- **RECORDS TO PROCESS**:
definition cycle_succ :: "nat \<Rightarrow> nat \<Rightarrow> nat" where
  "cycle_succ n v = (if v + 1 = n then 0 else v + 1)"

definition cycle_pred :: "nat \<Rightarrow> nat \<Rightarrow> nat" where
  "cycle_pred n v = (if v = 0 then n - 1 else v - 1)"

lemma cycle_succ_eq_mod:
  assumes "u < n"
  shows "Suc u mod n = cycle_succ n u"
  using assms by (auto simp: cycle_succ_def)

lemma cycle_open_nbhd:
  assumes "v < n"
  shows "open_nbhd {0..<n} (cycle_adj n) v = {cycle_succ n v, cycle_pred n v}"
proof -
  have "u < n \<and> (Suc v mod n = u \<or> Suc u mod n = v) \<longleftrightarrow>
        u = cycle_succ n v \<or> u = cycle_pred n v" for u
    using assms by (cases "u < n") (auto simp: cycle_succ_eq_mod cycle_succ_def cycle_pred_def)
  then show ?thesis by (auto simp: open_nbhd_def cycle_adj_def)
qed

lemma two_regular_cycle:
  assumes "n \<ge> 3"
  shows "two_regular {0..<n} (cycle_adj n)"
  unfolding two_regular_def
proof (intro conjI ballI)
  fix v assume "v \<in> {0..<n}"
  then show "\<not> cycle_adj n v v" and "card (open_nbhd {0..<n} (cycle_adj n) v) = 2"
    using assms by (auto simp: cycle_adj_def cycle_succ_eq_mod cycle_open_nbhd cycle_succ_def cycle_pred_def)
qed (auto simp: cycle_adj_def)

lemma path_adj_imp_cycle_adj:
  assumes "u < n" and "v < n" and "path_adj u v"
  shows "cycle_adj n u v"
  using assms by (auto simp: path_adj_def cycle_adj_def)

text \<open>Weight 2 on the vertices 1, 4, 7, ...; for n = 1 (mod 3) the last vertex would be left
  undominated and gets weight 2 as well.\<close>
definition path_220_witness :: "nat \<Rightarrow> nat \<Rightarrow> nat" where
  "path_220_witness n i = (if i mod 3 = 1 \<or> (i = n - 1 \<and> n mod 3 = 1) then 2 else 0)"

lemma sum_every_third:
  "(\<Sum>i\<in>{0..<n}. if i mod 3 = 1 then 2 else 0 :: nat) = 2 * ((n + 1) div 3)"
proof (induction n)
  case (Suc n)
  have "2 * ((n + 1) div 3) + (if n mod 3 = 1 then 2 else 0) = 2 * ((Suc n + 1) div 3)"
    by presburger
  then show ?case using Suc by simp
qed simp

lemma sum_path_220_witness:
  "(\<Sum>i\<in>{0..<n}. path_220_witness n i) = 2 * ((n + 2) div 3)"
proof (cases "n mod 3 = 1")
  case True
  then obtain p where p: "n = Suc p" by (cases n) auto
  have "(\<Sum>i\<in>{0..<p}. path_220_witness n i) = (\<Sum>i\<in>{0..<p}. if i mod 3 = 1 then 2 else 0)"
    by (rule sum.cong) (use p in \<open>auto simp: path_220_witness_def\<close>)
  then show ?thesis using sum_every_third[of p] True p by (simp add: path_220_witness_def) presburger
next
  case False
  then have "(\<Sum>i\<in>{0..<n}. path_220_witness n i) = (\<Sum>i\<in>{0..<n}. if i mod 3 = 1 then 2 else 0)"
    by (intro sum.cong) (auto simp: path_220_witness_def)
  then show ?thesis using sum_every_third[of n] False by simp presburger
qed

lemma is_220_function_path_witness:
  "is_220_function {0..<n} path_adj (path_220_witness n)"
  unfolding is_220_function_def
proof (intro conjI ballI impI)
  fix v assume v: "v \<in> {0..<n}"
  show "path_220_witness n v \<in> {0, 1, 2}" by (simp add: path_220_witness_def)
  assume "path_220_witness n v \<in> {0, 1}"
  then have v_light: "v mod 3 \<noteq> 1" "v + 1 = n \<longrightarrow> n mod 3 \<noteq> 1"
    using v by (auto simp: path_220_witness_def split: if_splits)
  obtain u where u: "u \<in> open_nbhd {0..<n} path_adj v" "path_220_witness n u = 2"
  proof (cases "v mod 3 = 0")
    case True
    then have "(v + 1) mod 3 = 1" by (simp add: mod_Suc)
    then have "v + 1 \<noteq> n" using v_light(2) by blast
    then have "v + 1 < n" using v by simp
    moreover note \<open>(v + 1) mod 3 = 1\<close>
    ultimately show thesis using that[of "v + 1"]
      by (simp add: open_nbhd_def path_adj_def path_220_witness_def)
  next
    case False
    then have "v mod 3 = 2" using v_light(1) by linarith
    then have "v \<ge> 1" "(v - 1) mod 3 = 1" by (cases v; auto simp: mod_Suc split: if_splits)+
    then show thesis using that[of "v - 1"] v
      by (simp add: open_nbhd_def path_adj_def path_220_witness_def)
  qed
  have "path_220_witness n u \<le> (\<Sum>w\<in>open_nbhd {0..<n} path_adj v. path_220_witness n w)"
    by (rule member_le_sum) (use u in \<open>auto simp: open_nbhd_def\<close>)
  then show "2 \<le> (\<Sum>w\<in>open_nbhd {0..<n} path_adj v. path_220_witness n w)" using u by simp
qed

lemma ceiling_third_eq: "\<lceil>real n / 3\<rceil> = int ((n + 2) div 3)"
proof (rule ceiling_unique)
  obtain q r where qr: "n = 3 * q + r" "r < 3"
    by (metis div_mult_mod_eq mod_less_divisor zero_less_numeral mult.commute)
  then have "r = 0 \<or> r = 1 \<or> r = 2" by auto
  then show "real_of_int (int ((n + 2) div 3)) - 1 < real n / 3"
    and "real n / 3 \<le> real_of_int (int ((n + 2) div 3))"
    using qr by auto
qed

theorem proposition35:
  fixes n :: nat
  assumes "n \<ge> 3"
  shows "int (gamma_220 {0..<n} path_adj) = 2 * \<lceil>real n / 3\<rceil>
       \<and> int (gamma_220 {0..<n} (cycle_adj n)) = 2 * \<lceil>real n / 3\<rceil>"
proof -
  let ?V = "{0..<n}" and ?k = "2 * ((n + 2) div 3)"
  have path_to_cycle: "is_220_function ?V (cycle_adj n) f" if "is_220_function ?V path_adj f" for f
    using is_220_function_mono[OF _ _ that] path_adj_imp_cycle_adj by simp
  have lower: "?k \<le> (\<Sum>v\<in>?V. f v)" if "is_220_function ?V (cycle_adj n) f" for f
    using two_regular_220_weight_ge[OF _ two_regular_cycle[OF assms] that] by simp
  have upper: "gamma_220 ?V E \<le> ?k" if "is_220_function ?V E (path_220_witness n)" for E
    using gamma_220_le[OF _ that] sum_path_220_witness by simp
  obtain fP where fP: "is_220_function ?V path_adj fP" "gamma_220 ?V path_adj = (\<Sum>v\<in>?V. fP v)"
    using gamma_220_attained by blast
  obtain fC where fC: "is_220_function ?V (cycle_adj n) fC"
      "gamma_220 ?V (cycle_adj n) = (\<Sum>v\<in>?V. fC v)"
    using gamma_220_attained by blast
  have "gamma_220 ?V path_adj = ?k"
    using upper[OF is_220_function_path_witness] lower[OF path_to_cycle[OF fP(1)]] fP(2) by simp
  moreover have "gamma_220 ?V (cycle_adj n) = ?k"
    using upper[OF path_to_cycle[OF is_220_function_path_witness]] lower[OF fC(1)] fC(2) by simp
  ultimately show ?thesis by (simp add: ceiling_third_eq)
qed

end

- **WHAT TO DO**: All lines of the listing that contain the word "moreover" should be copied out.

- **ANSWER TO THE PROBLEM**:
    moreover note \<open>(v + 1) mod 3 = 1\<close>
  moreover have "gamma_220 ?V (cycle_adj n) = ?k"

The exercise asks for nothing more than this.